The Buick Series D-Four was a series of passenger cars with four-cylinder engines, but only the model year 1917 Buick was made in the USA. The following year the car replaced the E-Four Series. In 1922, after a break of three years a four-cylinder model was offered, the Series 22-Four. 1923 and 1924 were followed by the Series 23-Four and Series 24-Four.
From year to year
Series D and E-Four (1917-1918)
The new four-cylinder models had a top-driven engine with a displacement of 2,786cc and a power output of 35bhp (25.7 kW). The wheelbase of a roadster (D-34) and Touring cars (D-35) was 2692 mm. Their appearance was similar to that of the larger models D-54 and D-55 of the same year. The roadster offered two seats and the touring car five.

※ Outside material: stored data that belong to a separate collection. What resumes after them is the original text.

lemma indep_X_W:
  assumes "i < N"
  shows "indep_var_distr borel (X i) borel (W i)"
proof -
  have "(\<lambda>r. noise_at r i) \<in> borel_measurable (future_space i)"
    using assms by (intro borel_measurable_noise_at[OF measurable_ident_sets[OF refl]]) auto
  from indep_past_future_functionals[OF _ borel_measurable_state_of_past[of i i] this] assms
  show ?thesis by (simp add: X_eq_state_of_past[of i i, symmetric] noise_at_future_noise)
qed

lemma indep_X_future_noise:
  assumes "s \<le> N"
  shows "indep_var_distr borel (X s) (future_space s) (future_noise s)"
  using indep_past_future_functionals[OF assms borel_measurable_state_of_past[OF order.refl assms]
      measurable_ident_sets[OF refl]]
  by (simp add: X_eq_state_of_past[of s s, symmetric])

lemma indep_X_W_future_noise:
  assumes "i < N"
  shows "indep_var_distr borel (\<lambda>\<omega>. (X i \<omega>, W i \<omega>)) (future_space (Suc i)) (future_noise (Suc i))"
proof -
  have "(\<lambda>r. (state_of_past i r, noise_at r i)) \<in> borel_measurable (past_space (Suc i))"
    using assms
    by (intro borel_measurable_Pair borel_measurable_state_of_past
        borel_measurable_noise_at[OF measurable_ident_sets[OF refl]]) auto
  from indep_past_future_functionals[OF _ this measurable_ident_sets[OF refl]] assms
  show ?thesis by (simp add: X_eq_state_of_past[of i "Suc i", symmetric] noise_at_past_noise)
qed

lemma cond_exp_quadratic_in_noise:
  fixes a :: "real^'n \<Rightarrow> real" and z :: "real^'n \<Rightarrow> real^'n" and A :: "real^'n \<Rightarrow> real^'n^'n"
  assumes i: "i < N"
    and [measurable]: "a \<in> borel_measurable borel" "z \<in> borel_measurable borel" "A \<in> borel_measurable borel"
    and int: "integrable M (\<lambda>\<omega>. a (X i \<omega>) + z (X i \<omega>) \<bullet> W i \<omega> + 1/2 * (W i \<omega> \<bullet> (A (X i \<omega>) *v W i \<omega>)))"
  shows "AE \<omega> in M. cond_exp_given M (X i)
            (\<lambda>\<omega>. a (X i \<omega>) + z (X i \<omega>) \<bullet> W i \<omega> + 1/2 * (W i \<omega> \<bullet> (A (X i \<omega>) *v W i \<omega>))) \<omega>
          = a (X i \<omega>) + 1/2 * trace (A (X i \<omega>))"
proof -
  define h where "h p = a (fst p) + z (fst p) \<bullet> snd p + 1/2 * (snd p \<bullet> (A (fst p) *v snd p))"
    for p :: "(real^'n) \<times> (real^'n)"
  have [measurable]: "W i \<in> borel_measurable M" using W_meas i by simp
  have normal: "distributed M lborel (\<lambda>\<omega>. W i \<omega> $ k) std_normal_density" for k
    using W_gauss i by simp
  have "indep_var borel (\<lambda>\<omega>. W i \<omega> $ k) borel (\<lambda>\<omega>. W i \<omega> $ l)" if "k \<noteq> l" for k l
    using indep_var_compose[OF indep_var_restrict[OF W_indep, of "{(i, k)}" "{(i, l)}"]
        measurable_component_singleton measurable_component_singleton] i that
    by (simp add: comp_def)
  note quadratic = std_normal_vector_quadratic[OF normal this]
  have "(\<integral>w. h (x, w) \<partial>distr M borel (W i)) = a x + 1/2 * trace (A x)" for x
  proof -
    have "(\<integral>w. h (x, w) \<partial>distr M borel (W i)) = expectation (\<lambda>\<omega>. h (x, W i \<omega>))"
      by (rule integral_distr) (simp_all add: h_def)
    also have "\<dots> = a x + 1/2 * trace (A x)"
      unfolding h_def fst_conv snd_conv by (rule quadratic(2))
    finally show ?thesis .
  qed
  moreover have "h \<in> borel_measurable (borel \<Otimes>\<^sub>M borel)" unfolding h_def by measurable
  ultimately show ?thesis
    using real_cond_exp_vimage_indep[OF indep_X_W[OF i], of h] int
    unfolding cond_exp_given_def h_def by simp
qed
(* Let $d\ge 1$, let $H$ be a $d\times d$ complex matrix that is both Hermitian and unitary, let $m\ge 1$ be an integer and let $\tau>0$. On $(\mathbb{C}^d)^{\otimes m}$ let $H_{\|}(m)=\sum_{i=1}^m H[i]$ and $H_{\#}(m)=H^{\otimes m}$, where $H[i]=I^{\otimes (i-1)}\otimes H\otimes I^{\otimes (m-i)}$. For $X\in\{\|,\#\}$ define the implementation time $$T_X=\inf\Big\{t\ge 0:\ \exists\,\lambda\in\mathbb{R},\ \exists\,\varphi\in\mathbb{R}\ \text{with}\ p\big(\lambda H_X(m)\big)\le\tau\ \text{and}\ e^{-it\lambda H_X(m)}=e^{i\varphi}H^{\otimes m}\Big\},$$ i.e. the least time needed to implement the $m$ parallel gates $H^{\otimes m}$ (up to global phase) by evolving under a rescaling of $H_X(m)$ whose energy spread is at most $\tau$. Then implementing the $m$ gates using the standard parallel Hamiltonian is $m$ times slower than using the coherent one: $T_{\|}=m\,T_{\#}$.
   Context: For a Hermitian operator $A$ on a finite-dimensional Hilbert space, $p(A)=h_{\max}-h_{\min}$, where $h_{\max}$ and $h_{\min}$ are the largest and smallest eigenvalues of $A$. The quantity $p$ of the Hamiltonian is the energetic resource that is held fixed (bounded by $\tau$) when comparing implementations. *)

theory Defs
  imports "Jordan_Normal_Form.Char_Poly"
begin

definition adj :: "complex mat \<Rightarrow> complex mat" where
  "adj A = mat (dim_col A) (dim_row A) (\<lambda>(i,j). cnj (A $$ (j,i)))"

definition hermitian_mat :: "complex mat \<Rightarrow> bool" where
  "hermitian_mat A \<longleftrightarrow> dim_row A = dim_col A \<and> adj A = A"
(* Let $0<d\le n$ be integers with $n$ and $d$ even. Then \[ A_2(n/2,\,d/2)\;\le\; M_1(n,d;1)\;\le\; A_4(n,d). \]
   Context: Sequences are words over the DNA alphabet $\{\mathtt A,\mathtt T,\mathtt C,\mathtt G\}$. Hamming distance between two words of equal length is the number of positions where they differ. For $D>0$, a word is called $D$-GC-prefix-balanced ($D$-GCPB) if for every prefix of it (including the whole word), the absolute difference between the number of symbols from $\{\mathtt G,\mathtt C\}$ and the number of symbols from $\{\mathtt A,\mathtt T\}$ in that prefix is at most $D$; a set of words is $D$-GCPB if all its words are. For $0<d\le n$ and $D>0$, $M_1(n,d;D)$ denotes the maximum size of a $D$-GCPB set of words of length $n$ over $\{\mathtt A,\mathtt T,\mathtt C,\mathtt G\}$ with minimum pairwise Hamming distance at least $d$. For an integer $q>1$, $A_q(n,d)$ denotes the maximum size of a code of length $n$ over a $q$-ary alphabet with minimum Hamming distance $d$. *)

theory Defs
  imports Main
begin

datatype dna = nA | nT | nC | nG

text \<open>Hamming distance between two words (intended for words of equal length).\<close>
definition hamming :: "'a list \<Rightarrow> 'a list \<Rightarrow> nat" where
  "hamming x y = card {i. i < length x \<and> x ! i \<noteq> y ! i}"

definition is_GC :: "dna \<Rightarrow> bool" where
  "is_GC s \<longleftrightarrow> s = nG \<or> s = nC"

definition gc_excess :: "dna list \<Rightarrow> int" where
  "gc_excess w = int (length (filter is_GC w)) - int (length (filter (\<lambda>s. \<not> is_GC s) w))"

definition GCPB :: "nat \<Rightarrow> dna list \<Rightarrow> bool" where
  "GCPB D w \<longleftrightarrow> (\<forall>k \<le> length w. \<bar>gc_excess (take k w)\<bar> \<le> int D)"

definition min_dist_ge :: "'a list set \<Rightarrow> nat \<Rightarrow> bool" where
  "min_dist_ge C d \<longleftrightarrow> (\<forall>x\<in>C. \<forall>y\<in>C. x \<noteq> y \<longrightarrow> hamming x y \<ge> d)"

definition qcode :: "nat \<Rightarrow> nat \<Rightarrow> nat \<Rightarrow> nat list set \<Rightarrow> bool" where
  "qcode q n d C \<longleftrightarrow> (\<forall>w\<in>C. length w = n \<and> set w \<subseteq> {0..<q}) \<and> min_dist_ge C d"

definition A_q :: "nat \<Rightarrow> nat \<Rightarrow> nat \<Rightarrow> nat" where
  "A_q q n d = Max {card C | C. qcode q n d C}"

definition M1 :: "nat \<Rightarrow> nat \<Rightarrow> nat \<Rightarrow> nat" where
  "M1 n d D = Max {card C | C. (\<forall>w\<in>C. length w = n \<and> GCPB D w) \<and> min_dist_ge C d}"

end

theory Submission
  imports Defs
begin

text \<open>Lower bound: encode bit 0 as AG and bit 1 as TC. Every prefix of such a word has
  GC-excess 0 or -1, and the encoding exactly doubles Hamming distances. Upper bound: a
  DNA word is a word over a four-letter alphabet.\<close>

lemma hamming_Nil [simp]: "hamming [] y = 0"
  by (simp add: hamming_def)

lemma hamming_self [simp]: "hamming x x = 0"
  by (simp add: hamming_def)

lemma hamming_Cons [simp]:
  "hamming (a # x) (b # y) = (if a = b then 0 else 1) + hamming x y"
proof -
  let ?D = "{i. i < length x \<and> x ! i \<noteq> y ! i}"
  have split: "{i. i < length (a # x) \<and> (a # x) ! i \<noteq> (b # y) ! i}
      = (if a = b then {} else {0}) \<union> Suc ` ?D"
    by (auto simp: less_Suc_eq_0_disj)
  have "card ((if a = b then {} else {0}) \<union> Suc ` ?D)
      = card (if a = b then {} else {0::nat}) + card (Suc ` ?D)"
    by (rule card_Un_disjoint) auto
  then show ?thesis
    unfolding hamming_def split by (simp add: card_image)
qed

lemma hamming_append:
  "length x = length y \<Longrightarrow> hamming (x @ x') (y @ y') = hamming x y + hamming x' y'"
  by (induction x y rule: list_induct2) auto

lemma hamming_map:
  assumes "inj f" "length x = length y"
  shows "hamming (map f x) (map f y) = hamming x y"
  using assms(2) by (induction x y rule: list_induct2) (auto dest: injD[OF assms(1)])

lemma inj_on_if_hamming_scaled:
  assumes "min_dist_ge C d" "0 < d" "0 < k"
    and "\<And>x y. x \<in> C \<Longrightarrow> y \<in> C \<Longrightarrow> hamming (f x) (f y) = k * hamming x y"
  shows "inj_on f C"
proof
  fix x y assume xy: "x \<in> C" "y \<in> C" "f x = f y"
  show "x = y"
  proof (rule ccontr)
    assume "x \<noteq> y"
    with assms(1) xy have "0 < hamming x y"
      using assms(2) by (fastforce simp: min_dist_ge_def)
    with assms(3) assms(4)[OF xy(1,2)] xy(3) show False by simp
  qed
qed

lemma min_dist_ge_image_scaled:
  assumes "min_dist_ge C d"
    and "\<And>x y. x \<in> C \<Longrightarrow> y \<in> C \<Longrightarrow> hamming (f x) (f y) = k * hamming x y"
  shows "min_dist_ge (f ` C) (k * d)"
  unfolding min_dist_ge_def
proof (intro ballI impI)
  fix u v assume "u \<in> f ` C" "v \<in> f ` C" "u \<noteq> v"
  then obtain x y where "x \<in> C" "y \<in> C" "x \<noteq> y" "u = f x" "v = f y" by auto
  with assms show "k * d \<le> hamming u v" by (auto simp: min_dist_ge_def)
qed

lemma card_le_Max_card:
  assumes "finite W" "\<And>C. P C \<Longrightarrow> C \<subseteq> W" "P C"
  shows "card C \<le> Max {card C | C. P C}"
proof -
  have "{card C | C. P C} \<subseteq> card ` Pow W" using assms(2) by auto
  then have "finite {card C | C. P C}" using assms(1) finite_subset by blast
  with assms(3) show ?thesis by (auto intro: Max_ge)
qed

lemma Max_card_attained:
  assumes "finite W" "\<And>C. P C \<Longrightarrow> C \<subseteq> W" "P {}"
  obtains C where "P C" "card C = Max {card C | C. P C}"
proof -
  have "{card C | C. P C} \<subseteq> card ` Pow W" using assms(2) by auto
  then have "finite {card C | C. P C}" using assms(1) finite_subset by blast
  moreover have "{card C | C. P C} \<noteq> {}" using assms(3) by auto
  ultimately have "Max {card C | C. P C} \<in> {card C | C. P C}" by (rule Max_in)
  then show ?thesis using that by auto
qed

lemma qcode_subset_words: "qcode q n d C \<Longrightarrow> C \<subseteq> {w. set w \<subseteq> {0..<q} \<and> length w = n}"
  by (auto simp: qcode_def)

lemma finite_qary_words: "finite {w. set w \<subseteq> {0..<q::nat} \<and> length w = n}"
  by (rule finite_lists_length_eq) simp

lemma card_le_A_q: "qcode q n d C \<Longrightarrow> card C \<le> A_q q n d"
  unfolding A_q_def
  by (rule card_le_Max_card[OF finite_qary_words qcode_subset_words])

lemma A_q_attained:
  obtains C where "qcode q n d C" "card C = A_q q n d"
proof (rule Max_card_attained[OF finite_qary_words qcode_subset_words])
  show "qcode q n d {}" by (simp add: qcode_def min_dist_ge_def)
next
  fix C assume "qcode q n d C" "card C = Max {card C | C. qcode q n d C}"
  then show thesis by (intro that) (simp_all add: A_q_def)
qed

lemma finite_dna_words: "finite {w :: dna list. set w \<subseteq> UNIV \<and> length w = n}"
proof -
  have "(UNIV :: dna set) = {nA, nT, nC, nG}" using dna.exhaust by auto
  then show ?thesis by (intro finite_lists_length_eq) (metis finite.emptyI finite_insert)
qed

lemma card_le_M1:
  assumes "\<forall>w\<in>C. length w = n \<and> GCPB D w" "min_dist_ge C d"
  shows "card C \<le> M1 n d D"
  unfolding M1_def
  by (rule card_le_Max_card[OF finite_dna_words]) (use assms in auto)

lemma M1_attained:
  obtains C where "\<forall>w\<in>C. length w = n \<and> GCPB D w" "min_dist_ge C d" "card C = M1 n d D"
proof (rule Max_card_attained[OF finite_dna_words])
  show "(\<forall>w\<in>{}. length w = n \<and> GCPB D w) \<and> min_dist_ge {} d"
    by (simp add: min_dist_ge_def)
next
  fix C assume "(\<forall>w\<in>C. length w = n \<and> GCPB D w) \<and> min_dist_ge C d"
    "card C = Max {card C | C. (\<forall>w\<in>C. length w = n \<and> GCPB D w) \<and> min_dist_ge C d}"
  then show thesis by (intro that) (simp_all add: M1_def)
qed auto

definition nat_of_dna :: "dna \<Rightarrow> nat" where
  "nat_of_dna s = (case s of nA \<Rightarrow> 0 | nT \<Rightarrow> 1 | nC \<Rightarrow> 2 | nG \<Rightarrow> 3)"

lemma inj_nat_of_dna: "inj nat_of_dna"
  unfolding inj_def nat_of_dna_def by (auto split: dna.splits)

lemma nat_of_dna_less_4: "nat_of_dna s < 4"
  unfolding nat_of_dna_def by (auto split: dna.splits)

definition dna_pair_of_bit :: "nat \<Rightarrow> dna list" where
  "dna_pair_of_bit b = (if b = 0 then [nA, nG] else [nT, nC])"

definition dna_of_bits :: "nat list \<Rightarrow> dna list" where
  "dna_of_bits w = concat (map dna_pair_of_bit w)"

lemma dna_of_bits_Cons: "dna_of_bits (b # w) = dna_pair_of_bit b @ dna_of_bits w"
  by (simp add: dna_of_bits_def)

lemma length_dna_of_bits: "length (dna_of_bits w) = 2 * length w"
  by (induction w) (auto simp: dna_of_bits_def dna_pair_of_bit_def)

lemma gc_excess_append: "gc_excess (u @ v) = gc_excess u + gc_excess v"
  by (simp add: gc_excess_def)

lemma gc_excess_take_dna_of_bits: "gc_excess (take k (dna_of_bits w)) \<in> {-1, 0}"
proof (induction w arbitrary: k)
  case Nil
  then show ?case by (simp add: dna_of_bits_def gc_excess_def)
next
  case (Cons b w)
  consider "k = 0" | "k = 1" | k' where "k = Suc (Suc k')"
    by (metis One_nat_def not0_implies_Suc)
  then show ?case
  proof cases
    case 3
    have "gc_excess (dna_pair_of_bit b) = 0"
      by (simp add: dna_pair_of_bit_def gc_excess_def is_GC_def)
    with Cons.IH[of k'] 3 show ?thesis
      by (simp add: dna_of_bits_Cons dna_pair_of_bit_def gc_excess_append)
  qed (simp_all add: dna_of_bits_Cons dna_pair_of_bit_def gc_excess_def is_GC_def)
qed

lemma GCPB_dna_of_bits: "GCPB 1 (dna_of_bits w)"
proof -
  have "\<bar>gc_excess (take k (dna_of_bits w))\<bar> \<le> 1" for k
    using gc_excess_take_dna_of_bits[of k w] by auto
  then show ?thesis unfolding GCPB_def by simp
qed

lemma hamming_dna_of_bits:
  assumes "length x = length y" "set x \<subseteq> {0..<2}" "set y \<subseteq> {0..<2}"
  shows "hamming (dna_of_bits x) (dna_of_bits y) = 2 * hamming x y"
  using assms
  by (induction x y rule: list_induct2)
    (auto simp: dna_of_bits_def hamming_append dna_pair_of_bit_def)

theorem theorem2:
  fixes n d :: nat
  assumes "0 < d" and "d \<le> n" and "even n" and "even d"
  shows "A_q 2 (n div 2) (d div 2) \<le> M1 n d 1 \<and> M1 n d 1 \<le> A_q 4 n d"
proof
  obtain C where C: "qcode 2 (n div 2) (d div 2) C" and A2: "card C = A_q 2 (n div 2) (d div 2)"
    by (rule A_q_attained)
  have dist: "min_dist_ge C (d div 2)" using C by (simp add: qcode_def)
  have scaled: "x \<in> C \<Longrightarrow> y \<in> C \<Longrightarrow>
      hamming (dna_of_bits x) (dna_of_bits y) = 2 * hamming x y" for x y
    using C by (auto simp: qcode_def intro!: hamming_dna_of_bits)
  have "card (dna_of_bits ` C) \<le> M1 n d 1"
  proof (rule card_le_M1)
    show "\<forall>w\<in>dna_of_bits ` C. length w = n \<and> GCPB 1 w"
      using C \<open>even n\<close> GCPB_dna_of_bits by (auto simp: qcode_def length_dna_of_bits)
    show "min_dist_ge (dna_of_bits ` C) d"
      using min_dist_ge_image_scaled[OF dist scaled] \<open>even d\<close> by simp
  qed
  moreover have "inj_on dna_of_bits C"
    by (rule inj_on_if_hamming_scaled[OF dist _ _ scaled]) (use assms in auto)
  ultimately show "A_q 2 (n div 2) (d div 2) \<le> M1 n d 1"
    using A2 card_image by metis
next
  obtain C where C: "\<forall>w\<in>C. length w = n \<and> GCPB 1 w" "min_dist_ge C d" and M: "card C = M1 n d 1"
    by (rule M1_attained)
  have scaled: "x \<in> C \<Longrightarrow> y \<in> C \<Longrightarrow>
      hamming (map nat_of_dna x) (map nat_of_dna y) = 1 * hamming x y" for x y
    using C(1) by (simp add: hamming_map inj_nat_of_dna)
  have "qcode 4 n d (map nat_of_dna ` C)"
    using C min_dist_ge_image_scaled[OF C(2) scaled] nat_of_dna_less_4
    by (auto simp: qcode_def)
  moreover have "inj_on (map nat_of_dna) C"
    using inj_nat_of_dna by (simp add: inj_on_def inj_map_eq_map)
  ultimately show "M1 n d 1 \<le> A_q 4 n d"
    using M card_le_A_q card_image by metis
qed

end
lemma extendable_imp_finitely_supported_harmonic_eq_0:
  assumes wg: "weighted_graph V w" and inf: "infinite V" and con: "connected_graph V w"
    and lf: "locally_finite V w" and "finite X" and "X \<subseteq> V"
    and ext: "\<forall>f :: 'a \<Rightarrow> real. \<exists>g. (\<forall>x\<in>X. g x = f x) \<and> harmonic_on w V g"
    and fs: "finitely_supported V u" and hu: "harmonic_on w (V - X) u" and "x \<in> V"
  shows "u x = 0"
proof -
  note harmonic_iff = harmonic_on_iff_comb_laplacian[OF wg lf inf con]
  define supp where "supp = {x\<in>V. u x \<noteq> 0}"
  define S where "S = supp \<union> (\<Union>x\<in>supp. nbrs w x) \<union> X"
  have "finite S" using fs \<open>finite X\<close> locally_finite_finite_nbrs[OF wg lf]
    unfolding S_def supp_def finitely_supported_def by auto
  have "S \<subseteq> V" unfolding S_def supp_def using \<open>X \<subseteq> V\<close> weighted_graph_nbrs_subset[OF wg] by blast
  have Ku: "comb_laplacian w u x = 0" if "x \<in> V - X" for x
    using hu harmonic_iff[of "V - X"] that by blast
  obtain g where gX: "\<forall>x\<in>X. g x = comb_laplacian w u x" and "harmonic_on w V g"
    using ext by blast
  then have Kg: "comb_laplacian w g x = 0" if "x \<in> V" for x
    using harmonic_iff[of V] that by blast
  have "(\<Sum>x\<in>S. (comb_laplacian w u x)\<^sup>2) = (\<Sum>x\<in>S. comb_laplacian w u x * g x)"
  proof (rule sum.cong)
    fix x assume "x \<in> S"
    then show "(comb_laplacian w u x)\<^sup>2 = comb_laplacian w u x * g x"
      using gX Ku \<open>S \<subseteq> V\<close> by (cases "x \<in> X") (auto simp: power2_eq_square)
  qed simp
  also have "\<dots> = (\<Sum>x\<in>S. u x * comb_laplacian w g x)"
    by (rule sum_comb_laplacian_symmetric[OF wg lf \<open>finite S\<close> \<open>S \<subseteq> V\<close>])
      (auto simp: S_def supp_def)
  also have "\<dots> = 0" by (rule sum.neutral) (use Kg \<open>S \<subseteq> V\<close> in auto)
  finally have "\<forall>x\<in>S. comb_laplacian w u x = 0"
    using sum_nonneg_eq_0_iff[OF \<open>finite S\<close>, of "\<lambda>x. (comb_laplacian w u x)\<^sup>2"] by simp
  then have "comb_laplacian w u x = 0" if "x \<in> V" for x
    using Ku that unfolding S_def by blast
  then show ?thesis
    using finitely_supported_comb_harmonic_eq_0[OF wg lf inf con fs] \<open>x \<in> V\<close> by blast
qed

lemma span_comb_laplacian_indicators_Int:
  assumes wg: "weighted_graph V w" and inf: "infinite V" and con: "connected_graph V w"
    and lf: "locally_finite V w"
    and no_harm: "\<not> (\<exists>u. finitely_supported V u \<and> (\<exists>x\<in>V. u x \<noteq> 0) \<and> harmonic_on w (V - X) u)"
  shows "fun_space.span ((\<lambda>x. comb_laplacian w (indicator {x})) ` V)
    \<inter> fun_space.span ((\<lambda>x. indicator {x}) ` X) \<subseteq> {0}"
proof
  fix v
  assume v: "v \<in> fun_space.span ((\<lambda>x. comb_laplacian w (indicator {x})) ` V)
    \<inter> fun_space.span ((\<lambda>x. indicator {x}) ` X)"
  have "fun_space.span ((\<lambda>x. comb_laplacian w (indicator {x})) ` V) \<subseteq> comb_laplacian w ` finsupp_on V"
    by (rule fun_space.span_minimal)
      (auto simp: subspace_comb_laplacian_image indicator_in_finsupp_on)
  then obtain u where u: "u \<in> finsupp_on V" "v = comb_laplacian w u" and "v \<in> finsupp_on X"
    using v span_indicators_subset[of X] by blast
  then have "harmonic_on w (V - X) u"
    unfolding harmonic_on_iff_comb_laplacian[OF wg lf inf con Diff_subset] finsupp_on_def by auto
  moreover have "finitely_supported V u"
    using u(1) unfolding finsupp_on_def finitely_supported_def by (auto intro: finite_subset)
  ultimately have "u = 0"
    using no_harm u(1) unfolding finsupp_on_def by (auto simp: fun_eq_iff)
  then have "v = comb_laplacian w 0" using u(2) by simp
  then show "v \<in> {0}" by (simp add: fun_eq_iff comb_laplacian_zero)
qed

lemma no_finitely_supported_harmonic_imp_extendable:
  assumes wg: "weighted_graph V w" and inf: "infinite V" and con: "connected_graph V w"
    and lf: "locally_finite V w"
    and no_harm: "\<not> (\<exists>u. finitely_supported V u \<and> (\<exists>x\<in>V. u x \<noteq> 0) \<and> harmonic_on w (V - X) u)"
  shows "\<exists>g. (\<forall>x\<in>X. g x = f x) \<and> harmonic_on w V g"
proof -
  obtain \<phi> where lin: "Vector_Spaces.linear scale_fun (*) \<phi>"
    and \<phi>_indicator: "\<And>b. b \<in> (\<lambda>x. indicator {x}) ` X \<Longrightarrow> \<phi> b = f (THE x. b = indicator {x})"
    and \<phi>_vanishes: "\<And>v. v \<in> fun_space.span ((\<lambda>x. comb_laplacian w (indicator {x})) ` V) \<Longrightarrow> \<phi> v = 0"
    using functional.linear_exists_vanishing_on_span[OF independent_indicators
        span_comb_laplacian_indicators_Int[OF assms],
        where h="\<lambda>b. f (THE x. b = indicator {x})"] by blast
  define g where "g z = \<phi> (indicator {z})" for z
  have "g x = f x" if "x \<in> X" for x
    unfolding g_def using \<phi>_indicator[of "indicator {x}"] that
    by (simp add: indicator_singleton_eq_iff)
  moreover have "comb_laplacian w g x = 0" if "x \<in> V" for x
    unfolding g_def comb_laplacian_linear_image[OF wg lf lin]
    using that by (intro \<phi>_vanishes fun_space.span_base) blast
  ultimately show ?thesis
    using harmonic_on_iff_comb_laplacian[OF wg lf inf con order_refl] by blast
qed

theorem proposition5p1:
  fixes V :: "'a set" and w :: "'a \<Rightarrow> 'a \<Rightarrow> real" and X :: "'a set"
  assumes "weighted_graph V w"
    and "infinite V"
    and "connected_graph V w"
    and "locally_finite V w"
    and "finite X" and "X \<subseteq> V"
  shows "(\<forall>f :: 'a \<Rightarrow> real. \<exists>g. (\<forall>x\<in>X. g x = f x) \<and> harmonic_on w V g)
     \<longleftrightarrow> \<not> (\<exists>u. finitely_supported V u \<and> (\<exists>x\<in>V. u x \<noteq> 0) \<and> harmonic_on w (V - X) u)"
proof
  assume "\<forall>f :: 'a \<Rightarrow> real. \<exists>g. (\<forall>x\<in>X. g x = f x) \<and> harmonic_on w V g"
  then show "\<not> (\<exists>u. finitely_supported V u \<and> (\<exists>x\<in>V. u x \<noteq> 0) \<and> harmonic_on w (V - X) u)"
    using extendable_imp_finitely_supported_harmonic_eq_0[OF assms] by blast
next
  assume "\<not> (\<exists>u. finitely_supported V u \<and> (\<exists>x\<in>V. u x \<noteq> 0) \<and> harmonic_on w (V - X) u)"
  then show "\<forall>f :: 'a \<Rightarrow> real. \<exists>g. (\<forall>x\<in>X. g x = f x) \<and> harmonic_on w V g"
    using no_finitely_supported_harmonic_imp_extendable[OF assms(1-4)] by blast
qed

end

The following year, the four-cylinder engine were built without further major change as E-Four Series. Another model, a five-seat sedan came with 2 doors (E-37).
A total of 56,740 cars were produced over the two years, of which 49,538 were the touring car .This makes it by far the most common. In 1919, the four-cylinder models were no longer offered.
Four 22-series, 23 and 24-Four (1922-1924)
From 1922, there was a three year break in the production of a four-cylinder model. When production resumed in 1922, the bodies had become slightly rounder and lower. Among the three models known there was a three-seat coupe with two doors (22-36). The cars used an unchanged four-cylinder engine from the 1918 model year .
1923 saw the launch of a new five-seat model as well as a sport-tourer with two doors (23-38) and a two-seater sports roadster with two doors (23-39). As with the six cylinder models, the bodies had been revised slightly. The bowl-shaped headlights had gone to make way to cylindrical specimens. 1924 accounted for the sports models and the two-seater coupe. New for a three-seat coupe with two doors (24-33) was. Technical and stylistic changes were not there.
33,481 four-cylinder Buick were built in 1922, 1923, there were 66,604 cars made. 1924 saw 38,195 copies cars being made. As of 1925 the standard six replaced this model.